Importantly, rectal prolapse is in the differential diagnosis for constipation in patients with features of hypermobility. Rectal prolapse was ruled out on the basis of physical examination and MRI defecography.
and provide a likely molecular explanation for the elasticity of the patient's skin, mild scoliosis, and DPS. Although her Beighton score was 1/9, there are previous reports in the literature describing this genetic abnormality in collagen in patients with a combined phenotype of OI and EDS.
This patient did not manifest features of OI. One limitation of our report is that the patient did not undergo whole-exome DNA sequencing; therefore, we do not know whether there are variants of unknown significance in any genes associated with EDS or other collagen disorders that would predispose to the DPS.

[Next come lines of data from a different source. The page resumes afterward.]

(* Assume the setting below, on the mesh $S_\lambda$ with either $\lambda=N$ or $\lambda=\varepsilon^{-1}$. Suppose there are a constant $C^*>0$ and numbers $\eta_1,\eta_2\ge 0$ such that the truncation error of $w$ satisfies \[ |\tau_i[w]|\le \tau_i^*:=\begin{cases} C^*\eta_1\left(1+\varepsilon^{-1}e^{-\beta x_i/\varepsilon}\right), & 1\le i\le J-1,\\ C^*\eta_2, & J\le i\le N-1.\end{cases} \] Then \[ \|w^N-W^N\|\le C\eta,\qquad \eta=\max\{\kappa\eta_1,\eta_2\}, \] where $\kappa=1$ if $\lambda=N$ and $\kappa=1+|\ln\varepsilon|N^{-1}$ if $\lambda=\varepsilon^{-1}$. Here $C$ depends only on $C^*$ and the data $b,c,\beta,Q,a$; it does not depend on $\varepsilon$, $N$, $\eta_1$ or $\eta_2$.
   Context: Standing setup. Let $0<\varepsilon<1$. Let $b,c,f\in C^4[0,1]$, and let $\beta$ be a constant with $b(x)>\beta>0$ and $c(x)\ge0$ on $[0,1]$. Let $u$ be the solution of $-\varepsilon u''-b u'+cu=f$ on $(0,1)$ with $u(0)=u(1)=0$. Let $u_0$ be the reduced solution, i.e. the solution of $-b u_0'+c u_0=f$ on $(0,1)$ with $u_0(1)=0$. Set $w=u-u_0$; it solves $-\varepsilon w''-bw'+cw=\varepsilon u_0''$ on $(0,1)$, $w(0)=-u_0(0)$, $w(1)=0$. Mesh $S_\lambda$. $N$ is a positive integer. $Q\in(0,1)$ is a fixed rational number such that $J=QN$ is an integer. $a>0$ is a mesh parameter, and $\lambda\in\{N,\varepsilon^{-1}\}$. The transition point is $\xi=(a\varepsilon/\beta)\ln\lambda$, assumed to satisfy $\xi\le Q$. Set $h=\xi/J$ and $H=(1-\xi)/(N-J)$. The mesh points are $x_i=ih$ for $0\le i\le J$ and $x_i=\xi+(i-J)H$ for $J\le i\le N$. Write $h_i=x_i-x_{i-1}$ and $\hbar_i=(h_i+h_{i+1})/2$. $S_N$ is the Shishkin mesh and $S_{1/\varepsilon}$ is the A-mesh. Scheme. For mesh functions define $D^+U_i=(U_{i+1}-U_i)/h_{i+1}$, $D^-U_i=(U_i-U_{i-1})/h_i$ and $D''U_i=(D^+U_i-D^-U_i)/\hbar_i$. Let $\sigma(\rho)=2\rho/(e^{2\rho}-1)$ for $\rho>0$, $\sigma(0)=1$, and $\rho_i=b(x_i)h_{i+1}/(2\varepsilon)$. The ASI operator is \[ L^NU_i=-\varepsilon\sigma(\rho_i)D''U_i-b(x_i)D^+U_i+c(x_i)U_i,\qquad 1\le i\le N-1. \] $W^N$ denotes the solution of $W^N_0=-u_0(0)$, $L^NW^N_i=\varepsilon u_0''(x_i)$ for $1\le i\le N-1$, $W^N_N=0$. For a function $g$, $g^N$ is its restriction to the mesh, and $\|U\|=\max_{0\le i\le N}|U_i|$. For smooth $g$ the truncation error is \[ \tau_i[g]=-\varepsilon\sigma(\rho_i)D''g(x_i)-b(x_i)D^+g(x_i)+\varepsilon g''(x_i)+b(x_i)g'(x_i),\qquad 1\le i\le N-1. \] $C$ denotes a generic positive constant independent of $\varepsilon$ and $N$. *)

theory Defs
  imports "HOL-Analysis.Analysis"
begin

definition Ck_on :: "nat \<Rightarrow> (real \<Rightarrow> real) \<Rightarrow> real set \<Rightarrow> bool" where
  "Ck_on k g S \<longleftrightarrow> (\<exists>D :: nat \<Rightarrow> real \<Rightarrow> real.
      (\<forall>x\<in>S. D 0 x = g x) \<and>
      (\<forall>j<k. \<forall>x\<in>S. (D j has_real_derivative D (Suc j) x) (at x within S)) \<and>
      (\<forall>j\<le>k. continuous_on S (D j)))"

definition mesh :: "nat \<Rightarrow> nat \<Rightarrow> real \<Rightarrow> nat \<Rightarrow> real" where
  "mesh N J xi i = (if i \<le> J then real i * (xi / real J)
                    else xi + real (i - J) * ((1 - xi) / real (N - J)))"

definition stepw :: "(nat \<Rightarrow> real) \<Rightarrow> nat \<Rightarrow> real" where
  "stepw x i = x i - x (i - 1)"

definition hbar :: "(nat \<Rightarrow> real) \<Rightarrow> nat \<Rightarrow> real" where
  "hbar x i = (stepw x i + stepw x (Suc i)) / 2"

definition Dp :: "(nat \<Rightarrow> real) \<Rightarrow> (nat \<Rightarrow> real) \<Rightarrow> nat \<Rightarrow> real" where
  "Dp x U i = (U (Suc i) - U i) / stepw x (Suc i)"

definition Dm :: "(nat \<Rightarrow> real) \<Rightarrow> (nat \<Rightarrow> real) \<Rightarrow> nat \<Rightarrow> real" where
  "Dm x U i = (U i - U (i - 1)) / stepw x i"

definition Dpp :: "(nat \<Rightarrow> real) \<Rightarrow> (nat \<Rightarrow> real) \<Rightarrow> nat \<Rightarrow> real" where
  "Dpp x U i = (Dp x U i - Dm x U i) / hbar x i"

definition sigma :: "real \<Rightarrow> real" where
  "sigma r = (if r = 0 then 1 else 2 * r / (exp (2 * r) - 1))"

definition rho :: "real \<Rightarrow> (real \<Rightarrow> real) \<Rightarrow> (nat \<Rightarrow> real) \<Rightarrow> nat \<Rightarrow> real" where
  "rho eps b x i = b (x i) * stepw x (Suc i) / (2 * eps)"

definition LN :: "real \<Rightarrow> (real \<Rightarrow> real) \<Rightarrow> (real \<Rightarrow> real) \<Rightarrow> (nat \<Rightarrow> real)
                   \<Rightarrow> (nat \<Rightarrow> real) \<Rightarrow> nat \<Rightarrow> real" where
  "LN eps b c x U i = - eps * sigma (rho eps b x i) * Dpp x U i - b (x i) * Dp x U i + c (x i) * U i"

text \<open>Truncation error tau_i[g] for g with first and second derivatives g1, g2.\<close>
definition trunc :: "real \<Rightarrow> (real \<Rightarrow> real) \<Rightarrow> (nat \<Rightarrow> real) \<Rightarrow> (real \<Rightarrow> real)
                   \<Rightarrow> (real \<Rightarrow> real) \<Rightarrow> (real \<Rightarrow> real) \<Rightarrow> nat \<Rightarrow> real" where
  "trunc eps b x g g1 g2 i =
     - eps * sigma (rho eps b x i) * Dpp x (\<lambda>j. g (x j)) i - b (x i) * Dp x (\<lambda>j. g (x j)) i
     + eps * g2 (x i) + b (x i) * g1 (x i)"

end

(*
  The ASI operator L^N is inverse-monotone: sigma > 0, the upwind difference D^+ and b > 0,
  c >= 0 give a discrete minimum principle. The error e = w^N - W^N vanishes at both ends and
  satisfies L^N e = tau[w] at the inner nodes, so it is dominated by any barrier Phi with
  |tau[w]| <= L^N Phi. We take Phi = (8 C* eta1 / beta^2) psi + (C* max(eta1, eta2) / beta) (1 - x),
  where psi_i = prod_{k <= i} (1 + beta h_k / (4 eps))^-1 is the discrete analogue of
  exp (- beta x / (4 eps)): L^N psi_i >= beta^2 / (8 eps) psi_{i+1}, and on the fine part of the
  mesh, where h_{i+1} <= x_i, psi_{i+1} >= exp (- beta x_i / (2 eps)). This gives
  |e| <= C* (8 / beta^2 + 1 / beta) max(eta1, eta2), which implies the claim because kappa >= 1.
  The smoothness of b, c, f enters only through the assumed bound on the truncation error.
*)

theory Submission
  imports Defs
begin

lemma sigma_pos: "0 < sigma r"
proof (cases "r = 0")
  case False
  have "exp (2 * r) - 1 > 0 \<longleftrightarrow> r > 0" by simp
  then show ?thesis using False by (auto simp: sigma_def zero_less_divide_iff)
qed (simp add: sigma_def)

lemma sigma_le_one:
  assumes "0 \<le> r" shows "sigma r \<le> 1"
proof (cases "r = 0")
  case False
  have "2 * r + 1 \<le> exp (2 * r)" using exp_ge_add_one_self[of "2 * r"] by linarith
  then show ?thesis using False assms by (simp add: sigma_def divide_le_eq)
qed (simp add: sigma_def)

lemma LN_lincomb:
  "LN eps b c x (\<lambda>j. p * U j + q * V j) i = p * LN eps b c x U i + q * LN eps b c x V i"
  unfolding LN_def Dpp_def Dp_def Dm_def by (simp add: divide_inverse; algebra)

lemma LN_one_minus_mesh:
  assumes "x (i - 1) < x i" and "x i < x (Suc i)"
  shows "LN eps b c x (\<lambda>j. 1 - x j) i = b (x i) + c (x i) * (1 - x i)"
proof -
  have "Dp x (\<lambda>j. 1 - x j) i = -1" "Dm x (\<lambda>j. 1 - x j) i = -1"
    using assms by (simp_all add: Dp_def Dm_def stepw_def divide_eq_eq)
  then show ?thesis by (simp add: LN_def Dpp_def)
qed

lemma LN_trunc:
  "LN eps b c x (\<lambda>j. g (x j)) i
     = trunc eps b x g g1 g2 i - eps * g2 (x i) - b (x i) * g1 (x i) + c (x i) * g (x i)"
  unfolding LN_def trunc_def by simp

lemma LN_error_eq_trunc:
  assumes "- eps * u2 (x i) - b (x i) * u1 (x i) + c (x i) * u (x i) = f (x i)"
    and "- b (x i) * u01 (x i) + c (x i) * u0 (x i) = f (x i)"
    and "LN eps b c x W i = eps * u02 (x i)"
  shows "LN eps b c x (\<lambda>j. u (x j) - u0 (x j) - W j) i
           = trunc eps b x (\<lambda>t. u t - u0 t) (\<lambda>t. u1 t - u01 t) (\<lambda>t. u2 t - u02 t) i"
  using assms LN_lincomb[of eps b c x 1 "\<lambda>j. u (x j) - u0 (x j)" "-1" W i]
    LN_trunc[of eps b c x "\<lambda>t. u t - u0 t" i "\<lambda>t. u1 t - u01 t" "\<lambda>t. u2 t - u02 t"]
  by (simp add: algebra_simps)

lemma nodes_in_unit_interval:
  fixes x :: "nat \<Rightarrow> real"
  assumes x0: "x 0 = 0" and xN: "x N = 1" and mono: "\<And>i. i < N \<Longrightarrow> x i < x (Suc i)"
  shows "i \<le> N \<Longrightarrow> x i \<in> {0..1}" and "0 < i \<Longrightarrow> i < N \<Longrightarrow> x i \<in> {0<..<1}"
proof -
  have mono': "x k < x (Suc k)" if "k \<in> {..<N}" for k using mono that by simp
  have le: "x i \<le> x j" if "i \<le> j" "j \<le> N" for i j
    by (rule lift_Suc_mono_le_ivl[of "{..<N}" x, OF less_imp_le[OF mono']]) (use that in auto)
  have less: "x i < x j" if "i < j" "j \<le> N" for i j
    by (rule lift_Suc_mono_less_ivl[of "{..<N}" x, OF mono']) (use that in auto)
  show "x i \<in> {0..1}" if "i \<le> N"
    using le[of 0 i] le[of i N] that x0 xN by simp
  show "x i \<in> {0<..<1}" if "0 < i" "i < N"
    using less[of 0 i] less[of i N] that x0 xN by simp
qed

In conclusion, COL1A1 gene mutations are plausible biological factors predisposing to DPS in association with increased flexibility. Our clinical observation suggests that young females diagnosed with DPS with no obvious pelvic trauma should be screened for connective tissue disorders with detailed history, physical examination, exclusion of rectal mucosal prolapse, and a search for genetic variation in collagen synthesis.